We used 454-pyrosequencing sequencing to generate ~760,000 transcript sequences from an 8th generation white clover inbred line. These were assembled and partially annotated to yield a reference transcript set comprising 71,545 sequences. We subsequently performed Illumina sequencing on three further white clover samples, generating 14 million transcript reads from a mixed sample comprising 24 divergent white clover genotypes, and 50 million reads on two further eighth generation white clover inbred lines. Mapping these reads to the reference transcript set allowed us to develop a significant SNP resource for white clover, and to partition the SNPs from the inbred lines into categories reflecting allelic or homeolog-specific variation. The potential for using haplotype reconstruction and progenitor genome comparison to assign haplotypes to specific ancestral sub-genomes of white clover is demonstrated for sequences corresponding to genes encoding dehydration responsive element binding protein and acyl-coA oxidase.
In total, 208,854 independent SNPs in 31,715 reference sequences were discovered, approximately three quarters of which were categorised as representing allelic or homeolog-specific variation using two inbred lines. This represents a significant resource for white clover genomics and genetics studies.

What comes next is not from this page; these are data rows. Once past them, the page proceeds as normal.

(* Let $m\ge 1$ and $\epsilon>0$. Suppose $p_1,\dots,p_m$ and $q_1,\dots,q_m$ are unknown probability distributions on $\{0,1\}$, accessible in the query model: for any index $i$ one may request independent samples from $p_i$ or from $q_i$. There is a randomized algorithm that outputs "Yes" with probability at least $2/3$ if $p_i=q_i$ for all $1\le i\le m$, outputs "No" with probability at least $2/3$ if $\frac{1}{m}\sum_{i=1}^m\|p_i-q_i\|_2^2>\epsilon^2$, and uses in total $O\!\left(\frac{(1+\log m)^4}{\epsilon^2}\right)$ samples.
   Context: $\|p-q\|_2$ denotes the Euclidean norm of the difference of the probability vectors $p=(p(0),p(1))$ and $q=(q(0),q(1))$. *)

theory Defs
  imports "HOL-Probability.Probability"
begin

text \<open>Randomized adaptive algorithms in the query model, as finite decision trees.
  A node either outputs an answer (True = Yes, False = No), flips a fair coin
  (internal randomness), or requests one fresh independent sample from p_i
  (flag True) or from q_i (flag False) and continues depending on the bit seen.
  Distributions on {0,1} are represented as bool pmfs (False = 0, True = 1).\<close>

datatype alg = Done bool | Coin "bool \<Rightarrow> alg" | Query nat bool "bool \<Rightarrow> alg"

primrec run :: "(nat \<Rightarrow> bool pmf) \<Rightarrow> (nat \<Rightarrow> bool pmf) \<Rightarrow> alg \<Rightarrow> bool pmf" where
  "run P Q (Done b) = return_pmf b"
| "run P Q (Coin f) = bind_pmf (bernoulli_pmf (1/2)) (\<lambda>c. run P Q (f c))"
| "run P Q (Query i s f) = bind_pmf (if s then P i else Q i) (\<lambda>x. run P Q (f x))"

primrec num_samples :: "alg \<Rightarrow> nat" where
  "num_samples (Done b) = 0"
| "num_samples (Coin f) = max (num_samples (f True)) (num_samples (f False))"
| "num_samples (Query i s f) = 1 + max (num_samples (f True)) (num_samples (f False))"

definition l2sq :: "bool pmf \<Rightarrow> bool pmf \<Rightarrow> real" where
  "l2sq p q = (\<Sum>x\<in>(UNIV::bool set). (pmf p x - pmf q x)^2)"

end

theory Submission
  imports Defs
begin

text \<open>For a single index \<open>i\<close>, drawing \<open>n\<close> samples from each of \<open>p\<^sub>i\<close>, \<open>q\<^sub>i\<close> and thresholding the
  squared empirical difference of the frequencies of \<open>1\<close> at \<open>d / 4\<close> distinguishes a zero gap from
  a squared gap \<open>\<ge> d\<close> with error \<open>O(1 / (n d))\<close>, by Chebyshev's inequality. If the average
  squared gap exceeds \<open>a\<close>, a dyadic pigeonhole argument yields a scale \<open>d = m a / 2^k\<close>,
  \<open>k \<le> L = O(log m)\<close>, such that the number \<open>G\<close> of indices with squared gap \<open>\<ge> d\<close> satisfies
  \<open>G min(1, d) \<ge> m a / (4 (L + 1))\<close>. For every scale the tester runs, about
  \<open>(L + 1) min(1, d) / a\<close> times, an \<open>O(log m)\<close>-fold amplified gap test on a random index
  and answers No if any of them fires. At the heavy scale some run fires with probability
  \<open>\<ge> 2/3\<close>; if \<open>p = q\<close>, a union bound over all runs keeps the probability of No below \<open>1/3\<close>.
  Each scale costs \<open>O((L + 1) r\<^sup>2 / a)\<close> samples with \<open>r = O(log m)\<close> rounds of amplification,
  hence \<open>O(log\<^sup>4 m / a)\<close> in total; since \<open>\<parallel>p\<^sub>i - q\<^sub>i\<parallel>\<^sub>2\<^sup>2\<close> is twice the squared gap,
  the theorem follows with \<open>a = \<epsilon>\<^sup>2 / 2\<close>.\<close>

section \<open>Query trees and their expectations\<close>

text \<open>Query algorithms with results of arbitrary type, so that estimators compose by
  \<open>bind_qtree\<close>; \<open>expect P Q t g\<close> is the exact expectation of \<open>g\<close> at the output of \<open>t\<close>.\<close>

datatype 'a qtree = Ret 'a | Flip "bool \<Rightarrow> 'a qtree" | Draw nat bool "bool \<Rightarrow> 'a qtree"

We discuss the potential to extend the analysis to identify a “core set” of ancestrally derived homeolog specific variants in white clover.
KeywordsAllelic variants Allotetraploid Haplotype reconstruction Next generation sequencing Single nucleotide polymorphisms Sub-genome Transcript assembly Trifolium White clover
White clover (Trifolium repens L.) is an allotetraploid forage legume with a genetically determined gametophytic self incompatibility system . This reproductive feature renders it an obligate outbreeder, resulting in high levels of inter- and intragenotypic heterozygosity. T. occidentale D.E. Coombe, and T. pallescens Schreber are the currently extant species that seem to best represent the diploid progenitors of the species , although more recent analyses  seem to suggest that, while the former is a good candidate, the latter exhibits a greater divergence from the sub-genome to which it has been ascribed. Regardless of the identity of the progenitors, the earliest genetic mapping experiments revealed that the two constituent sub-genomes of white clover exhibit highly conserved macrosynteny, with eight homeolog pairs of linkage groups [4, 5].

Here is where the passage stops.